In this case study, we will see how an early completion bonus can be a win-win opportunity for all the stakeholders of a project. Rather than spending time on pure price negotiations or worst-case legal subjects, the parties should collaborate to find win-win solutions and optimize the overall project value. 


The context of this case study is a multicultural negotiation for a privately developed concession to build and operate a hydro-power plant during 30 years. The power plant included multiple turbine-generator units.

The main project stakeholders were the following:

  • The local Utility, the off-taker of the entire electricity production
  • The Project Owner, the private developer
  • The EPC Contractor
  • The EM Contractor, supplier of the turbine-generator units as a subcontractor to the EPC Contractor

At the start of the negotiations, the Owner wanted to have a single taking-over of the entire power plant. This was probably because the single taking-over date would be the starting point of the 30 years’ concession period and of the loan repayment.

Initial exchange of arguments:

The EM Contractor explained that, due to the nature of the project, there would be value in allowing a sectional take-over (i.e. a taking-over per unit). In fact, the hydro-power project was of the run-of-the-river type, with a regular flow of water that would remain unused for energy production until the last unit would be commissioned and the overall power plant taken-over.

Acknowledging the advantage, the Owner wanted the EM Contractor to operate the units during several months without taking-over.

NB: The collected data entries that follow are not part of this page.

lemma digits_val_rotate_less:
  assumes digits: "\<And>k. k < q \<Longrightarrow> w k < d" and "digits_val w < den"
  shows "digits_val (rotate_digits w 1) < den"
proof (rule ccontr)
  assume "\<not> ?thesis"
  then have max: "digits_val (rotate_digits w 1) = den"
    using digits_val_le_den[OF rotate_digits_digits[OF digits]] by (simp add: le_antisym)
  have "w k = d - 1" if "k < q" for k
  proof -
    have "(1 + (k + q - 1) mod q) mod q = k"
      using that period by (simp add: mod_Suc_eq)
    then have "w k = rotate_digits w 1 ((k + q - 1) mod q)" by (simp add: rotate_digits_def)
    also have "\<dots> = d - 1"
      using period by (intro max_digit_if_digits_val_eq_den[OF rotate_digits_digits[OF digits] max]) simp_all
    finally show ?thesis .
  qed
  then have "digits_val w = digits_val (\<lambda>_. d - 1)" by (rule digits_val_cong)
  then show False using assms(2) digits_val_all_max by simp
qed

lemma digits_val_rotate_mod:
  assumes "\<And>k. k < q \<Longrightarrow> w k < d" and "digits_val w < den"
  shows "d * digits_val w mod den = digits_val (rotate_digits w 1)"
    and "d * digits_val w div den = w 0"
  using digits_val_rotate[of w] digits_val_rotate_less[OF assms] by simp_all
lemma adjoint_contraction_chain_alt_op:
  fixes B :: "real mat"
  assumes B: "B \<in> carrier_mat n n" and R: "0 < R"
    and bound: "\<And>x. x \<in> carrier_vec n \<Longrightarrow> vnorm (B *\<^sub>v x) \<le> R * vnorm x"
  shows "adjoint_contraction_chain n (alt_op B R)"
proof
  fix x y :: "real vec" and k :: nat
  assume x: "x \<in> carrier_vec n" and y: "y \<in> carrier_vec n"
  show "alt_op B R (Suc k) x \<bullet> y = x \<bullet> alt_op B R k y"
  proof (cases "odd k")
    case True
    then show ?thesis unfolding alt_op_def using B x y by (simp add: transpose_vec_mult_scalar[OF B])
  next
    case False
    have "(B *\<^sub>v x) \<bullet> y = (B\<^sup>T *\<^sub>v y) \<bullet> x"
      using B x y by (simp add: transpose_vec_mult_scalar[OF B x y] comm_scalar_prod[of _ n])
    also have "\<dots> = x \<bullet> (B\<^sup>T *\<^sub>v y)" using B x y by (simp add: comm_scalar_prod[of _ n])
    finally show ?thesis unfolding alt_op_def using False B x y by simp
  qed
next
  fix x :: "real vec" and k :: nat
  assume x: "x \<in> carrier_vec n"
  show "alt_op B R k x \<in> carrier_vec n" using B x by (rule alt_op_carrier)
  have "vnorm ((if odd k then B else B\<^sup>T) *\<^sub>v x) \<le> R * vnorm x"
    using bound[OF x] vnorm_transpose_mult_le[OF B _ bound x] R by simp
  then show "vnorm (alt_op B R k x) \<le> vnorm x"
    unfolding alt_op_def vnorm_smult using R by (simp add: field_simps)
qed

The usual business practice is that the units should not be used for commercial operation before the taking-over. Use before taking-over (except for commissioning and trial run) triggers deemed acceptance in standard contracts. Also, the insurances are different for the construction phase (CAR insurance) and operation phase (equipment breakdown insurance).

early completion bonus

A win-win solution was found with an early completion bonus

The parties agreed to a mechanism of a single, final taking-over of the units which would be the reference date for the concession period. However, any unit that could be commissioned before this final taking-over would be transferred to (including a transfer of risk and insurance obligation) and operated by the Owner. An early completion bonus for each unit, digressive for the number of units put into service, was contractually foreseen from the start to motivate the Contractors all along the construction phase to find fast-track solutions.

The advantages for each of the stakeholders were as follows:

  • The Utility benefited from early generation, avoiding further outages that were regularly occurring in the country and replacing very costly emergency diesel generated electricity by the lower tariff hydro generated electricity.
  • The Project Owner benefited from their part of the bonus payments from the Utility (linked to the early operation). The early start-up of the electricity production improved the operators’ learning process leading to lower outages, higher availability and probably less warranty issues after the overall take-over of the power plant.
  • The EPC Contractor and the EM subcontractor benefited from potential early completion bonus.

Contract training / Negotiation training

Actual impact of an early completion bonus

In spite of facing lots of challenges during the execution of the project (with considerable margin slippages), the Contractors managed to put into service certain turbine-generator units before the guaranteed taking-over date. The early generation was very welcome for the country and the Utility. The early completion bonus represented a relief for the extra construction costs that the Contractors incurred (also linked to acceleration measures). This outcome created a positive transition for the Owner from the construction to the operation phase.

Writing and agreeing on the complex early completion bonus mechanism consumed quite some time of the negotiation teams. But bringing the discussions to a win-win subject created a positive atmosphere during the contract negotiations based on trust, respect, transparency and pro-activity. This atmosphere was also beneficial to resolve other subjects that were not themselves win-win situations.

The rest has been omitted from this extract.